Records for processing:

>>

sublocale states: markov_chain_law M state_kernel state_law
proof
  show "state_kernel \<in> M \<rightarrow>\<^sub>M prob_algebra M"
    by (rule measurable_bind_prob_space2[OF pol_kernel]) (simp add: P_kernel)
  show "state_law \<in> M \<rightarrow>\<^sub>M prob_algebra (stream_space M)"
    by measurable
qed (rule state_law_unfold)

lemma AE_mem_absorbing:
  assumes "absorbing Pr I" "I \<in> sets M" "s \<in> I"
  shows "AE s' in state_kernel s. s' \<in> I"
proof -
  have s: "s \<in> space M"
    using assms(2,3) sets.sets_into_space by blast
  interpret K: prob_space "state_kernel s"
    using s by (rule states.prob_space_K)
  interpret Pr: prob_space "Pr s"
    using s by (rule prob_space_Pr)
  have "{\<rho> \<in> space (stream_space M). \<rho> !! 1 \<in> I} \<in> sets (stream_space M)"
    using assms(2) by measurable
  then have "emeasure (state_law s) {\<rho> \<in> space (stream_space M). \<rho> !! 1 \<in> I} =
      emeasure (Pr s) {\<omega> \<in> space (Pr s). fst (\<omega> !! 1) \<in> I}"
    using s measurable_space[OF measurable_smap_fst] sets_eq_imp_space_eq[OF sets_Pr[OF s]]
    by (simp add: emeasure_distr measurable_Pr_iff) (intro arg_cong[where f="emeasure (Pr s)"], auto)
  also have "\<dots> = 1"
    using assms(1,3) by (simp add: absorbing_def Pr.emeasure_eq_measure)
  finally have "emeasure (state_kernel s) I = 1"
    using states.emeasure_L_snth_1[OF s assms(2)] by simp
  then show ?thesis
    using assms(2) s by (simp add: K.AE_in_set_eq_1 K.emeasure_eq_measure states.sets_K)
qed

lemma nn_integral_state_law:
  "s \<in> space M \<Longrightarrow> f \<in> borel_measurable (stream_space M) \<Longrightarrow>
    (\<integral>\<^sup>+\<rho>. f \<rho> \<partial>state_law s) = (\<integral>\<^sup>+\<omega>. f (smap fst \<omega>) \<partial>Pr s)"
  by (simp add: nn_integral_distr measurable_Pr_iff)

lemma integral_state_law:
  "s \<in> space M \<Longrightarrow> f \<in> borel_measurable (stream_space M) \<Longrightarrow>
    (\<integral>\<rho>. f \<rho> \<partial>state_law s) = (\<integral>\<omega>. f (smap fst \<omega>) \<partial>Pr s)"
  for f :: "'s stream \<Rightarrow> real"
  by (simp add: integral_distr measurable_Pr_iff)

theorem value_fun_ge_discounted_cost:
  assumes I_sets: "I \<in> sets M" and I_absorbing: "absorbing Pr I" and "A \<in> sets M" "B \<in> sets M"
    and gamma: "0 < \<gamma>" "\<gamma> < 1" and "0 \<le> H"
    and steps_le: "\<And>s. s \<in> I \<Longrightarrow> (\<integral>\<^sup>+\<omega>. step_AB A B (smap fst \<omega>) \<partial>Pr s) \<le> ennreal H"
    and rAB: "0 \<le> rAB" and rB_large: "\<gamma> * discounted_cost \<gamma> rAB H \<le> rB"
    and s: "s \<in> I"
  shows "- discounted_cost \<gamma> rAB H \<le> value_fun Pr \<gamma> (reward rB rAB A B) A B s"
proof -
  interpret reach_avoid_chain M state_kernel state_law I A B \<gamma> H
  proof
    show "AE s' in state_kernel s. s' \<in> I" if "s \<in> I" for s
      using I_absorbing I_sets that by (rule AE_mem_absorbing)
    show "(\<integral>\<^sup>+\<rho>. step_AB A B \<rho> \<partial>state_law s) \<le> ennreal H" if "s \<in> I" for s
      using steps_le[OF that] assms(3,4) I_sets that sets.sets_into_space
      by (subst nn_integral_state_law) auto
  qed (use assms in auto)
  have "- discounted_cost \<gamma> rAB H
      \<le> (\<integral>\<rho>. discounted_return \<gamma> (A \<union> B) (reach_avoid_reward rB rAB A B) \<rho> \<partial>state_law s)"
    by (rule integral_discounted_return_ge[OF rAB rB_large s])
  also have "\<dots> = value_fun Pr \<gamma> (reward rB rAB A B) A B s"
    unfolding value_fun_reward_eq using I_into_space[OF s]
    by (intro integral_state_law measurable_discounted_return[OF reach_avoid_return_conditions[OF rAB rB_large]])
  finally show ?thesis .
qed

end

theorem lemma6:
  fixes M :: "'s measure" and Ma :: "'a measure"
    and P :: "'s \<times> 'a \<Rightarrow> 's measure" and \<mu> :: "'s measure"
    and pol :: "'s \<Rightarrow> 'a measure"
    and Pr :: "'s \<Rightarrow> ('s \<times> 'a) stream measure"
    and I A B :: "'s set" and \<gamma> Hbar rB rAB :: real
  assumes P_kernel: "P \<in> M \<Otimes>\<^sub>M Ma \<rightarrow>\<^sub>M prob_algebra M"
    and pol_kernel: "pol \<in> M \<rightarrow>\<^sub>M prob_algebra Ma"
    and init: "prob_space \<mu>" "sets \<mu> = sets M"
    and path: "is_path_kernel M Ma P pol Pr"
    and I_meas: "I \<in> sets M" and I_abs: "absorbing Pr I" and I_init: "emeasure \<mu> I = 1"
    and A_meas: "A \<in> sets M" and B_meas: "B \<in> sets M"
    and gamma: "0 < \<gamma>" "\<gamma> < 1"
    and Hbar_nonneg: "0 \<le> Hbar"
    and Hbar: "\<And>s. s \<in> I \<Longrightarrow> (\<integral>\<^sup>+ \<omega>. step_AB A B (smap fst \<omega>) \<partial>Pr s) \<le> ennreal Hbar"
    and rB: "0 < rB" and rAB: "0 < rAB"
    and ratio: "rB / rAB \<ge> 1 / (1 - \<gamma>) * (1 / \<gamma> powr (Hbar + 1) - 1)"
  shows "\<forall>s\<in>I. value_fun Pr \<gamma> (reward rB rAB A B) A B s \<ge> - rAB * (1 - \<gamma> powr Hbar) / (1 - \<gamma>)"
proof
  fix s assume "s \<in> I"
  interpret mdp_path_kernel M Ma P pol Pr
    using P_kernel pol_kernel path by unfold_locales
  have "- discounted_cost \<gamma> rAB Hbar \<le> value_fun Pr \<gamma> (reward rB rAB A B) A B s"
    using I_meas I_abs A_meas B_meas gamma Hbar_nonneg Hbar rAB
      discounted_cost_le_of_ratio[OF gamma Hbar_nonneg rAB ratio] \<open>s \<in> I\<close>
    by (intro value_fun_ge_discounted_cost) auto
  then show "value_fun Pr \<gamma> (reward rB rAB A B) A B s \<ge> - rAB * (1 - \<gamma> powr Hbar) / (1 - \<gamma>)"
    by (simp add: discounted_cost_def)
qed

end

<<

Activity: What's needed is a word-for-word restatement of all the entries.

Answer section:
sublocale states: markov_chain_law M state_kernel state_law
proof
  show "state_kernel \<in> M \<rightarrow>\<^sub>M prob_algebra M"
    by (rule measurable_bind_prob_space2[OF pol_kernel]) (simp add: P_kernel)
  show "state_law \<in> M \<rightarrow>\<^sub>M prob_algebra (stream_space M)"
    by measurable
qed (rule state_law_unfold)

lemma AE_mem_absorbing:
  assumes "absorbing Pr I" "I \<in> sets M" "s \<in> I"
  shows "AE s' in state_kernel s. s' \<in> I"
proof -
  have s: "s \<in> space M"
    using assms(2,3) sets.sets_into_space by blast
  interpret K: prob_space "state_kernel s"
    using s by (rule states.prob_space_K)
  interpret Pr: prob_space "Pr s"
    using s by (rule prob_space_Pr)
  have "{\<rho> \<in> space (stream_space M). \<rho> !! 1 \<in> I} \<in> sets (stream_space M)"
    using assms(2) by measurable
  then have "emeasure (state_law s) {\<rho> \<in> space (stream_space M). \<rho> !! 1 \<in> I} =
      emeasure (Pr s) {\<omega> \<in> space (Pr s). fst (\<omega> !! 1) \<in> I}"
    using s measurable_space[OF measurable_smap_fst] sets_eq_imp_space_eq[OF sets_Pr[OF s]]
    by (simp add: emeasure_distr measurable_Pr_iff) (intro arg_cong[where f="emeasure (Pr s)"], auto)
  also have "\<dots> = 1"
    using assms(1,3) by (simp add: absorbing_def Pr.emeasure_eq_measure)
  finally have "emeasure (state_kernel s) I = 1"
    using states.emeasure_L_snth_1[OF s assms(2)] by simp
  then show ?thesis
    using assms(2) s by (simp add: K.AE_in_set_eq_1 K.emeasure_eq_measure states.sets_K)
qed

lemma nn_integral_state_law:
  "s \<in> space M \<Longrightarrow> f \<in> borel_measurable (stream_space M) \<Longrightarrow>
    (\<integral>\<^sup>+\<rho>. f \<rho> \<partial>state_law s) = (\<integral>\<^sup>+\<omega>. f (smap fst \<omega>) \<partial>Pr s)"
  by (simp add: nn_integral_distr measurable_Pr_iff)

lemma integral_state_law:
  "s \<in> space M \<Longrightarrow> f \<in> borel_measurable (stream_space M) \<Longrightarrow>
    (\<integral>\<rho>. f \<rho> \<partial>state_law s) = (\<integral>\<omega>. f (smap fst \<omega>) \<partial>Pr s)"
  for f :: "'s stream \<Rightarrow> real"
  by (simp add: integral_distr measurable_Pr_iff)

theorem value_fun_ge_discounted_cost:
  assumes I_sets: "I \<in> sets M" and I_absorbing: "absorbing Pr I" and "A \<in> sets M" "B \<in> sets M"
    and gamma: "0 < \<gamma>" "\<gamma> < 1" and "0 \<le> H"
    and steps_le: "\<And>s. s \<in> I \<Longrightarrow> (\<integral>\<^sup>+\<omega>. step_AB A B (smap fst \<omega>) \<partial>Pr s) \<le> ennreal H"
    and rAB: "0 \<le> rAB" and rB_large: "\<gamma> * discounted_cost \<gamma> rAB H \<le> rB"
    and s: "s \<in> I"
  shows "- discounted_cost \<gamma> rAB H \<le> value_fun Pr \<gamma> (reward rB rAB A B) A B s"
proof -
  interpret reach_avoid_chain M state_kernel state_law I A B \<gamma> H
  proof
    show "AE s' in state_kernel s. s' \<in> I" if "s \<in> I" for s
      using I_absorbing I_sets that by (rule AE_mem_absorbing)
    show "(\<integral>\<^sup>+\<rho>. step_AB A B \<rho> \<partial>state_law s) \<le> ennreal H" if "s \<in> I" for s
      using steps_le[OF that] assms(3,4) I_sets that sets.sets_into_space
      by (subst nn_integral_state_law) auto
  qed (use assms in auto)
  have "- discounted_cost \<gamma> rAB H
      \<le> (\<integral>\<rho>. discounted_return \<gamma> (A \<union> B) (reach_avoid_reward rB rAB A B) \<rho> \<partial>state_law s)"
    by (rule integral_discounted_return_ge[OF rAB rB_large s])
  also have "\<dots> = value_fun Pr \<gamma> (reward rB rAB A B) A B s"
    unfolding value_fun_reward_eq using I_into_space[OF s]
    by (intro integral_state_law measurable_discounted_return[OF reach_avoid_return_conditions[OF rAB rB_large]])
  finally show ?thesis .
qed

end

theorem lemma6:
  fixes M :: "'s measure" and Ma :: "'a measure"
    and P :: "'s \<times> 'a \<Rightarrow> 's measure" and \<mu> :: "'s measure"
    and pol :: "'s \<Rightarrow> 'a measure"
    and Pr :: "'s \<Rightarrow> ('s \<times> 'a) stream measure"
    and I A B :: "'s set" and \<gamma> Hbar rB rAB :: real
  assumes P_kernel: "P \<in> M \<Otimes>\<^sub>M Ma \<rightarrow>\<^sub>M prob_algebra M"
    and pol_kernel: "pol \<in> M \<rightarrow>\<^sub>M prob_algebra Ma"
    and init: "prob_space \<mu>" "sets \<mu> = sets M"
    and path: "is_path_kernel M Ma P pol Pr"
    and I_meas: "I \<in> sets M" and I_abs: "absorbing Pr I" and I_init: "emeasure \<mu> I = 1"
    and A_meas: "A \<in> sets M" and B_meas: "B \<in> sets M"
    and gamma: "0 < \<gamma>" "\<gamma> < 1"
    and Hbar_nonneg: "0 \<le> Hbar"
    and Hbar: "\<And>s. s \<in> I \<Longrightarrow> (\<integral>\<^sup>+ \<omega>. step_AB A B (smap fst \<omega>) \<partial>Pr s) \<le> ennreal Hbar"
    and rB: "0 < rB" and rAB: "0 < rAB"
    and ratio: "rB / rAB \<ge> 1 / (1 - \<gamma>) * (1 / \<gamma> powr (Hbar + 1) - 1)"
  shows "\<forall>s\<in>I. value_fun Pr \<gamma> (reward rB rAB A B) A B s \<ge> - rAB * (1 - \<gamma> powr Hbar) / (1 - \<gamma>)"
proof
  fix s assume "s \<in> I"
  interpret mdp_path_kernel M Ma P pol Pr
    using P_kernel pol_kernel path by unfold_locales
  have "- discounted_cost \<gamma> rAB Hbar \<le> value_fun Pr \<gamma> (reward rB rAB A B) A B s"
    using I_meas I_abs A_meas B_meas gamma Hbar_nonneg Hbar rAB
      discounted_cost_le_of_ratio[OF gamma Hbar_nonneg rAB ratio] \<open>s \<in> I\<close>
    by (intro value_fun_ge_discounted_cost) auto
  then show "value_fun Pr \<gamma> (reward rB rAB A B) A B s \<ge> - rAB * (1 - \<gamma> powr Hbar) / (1 - \<gamma>)"
    by (simp add: discounted_cost_def)
qed

end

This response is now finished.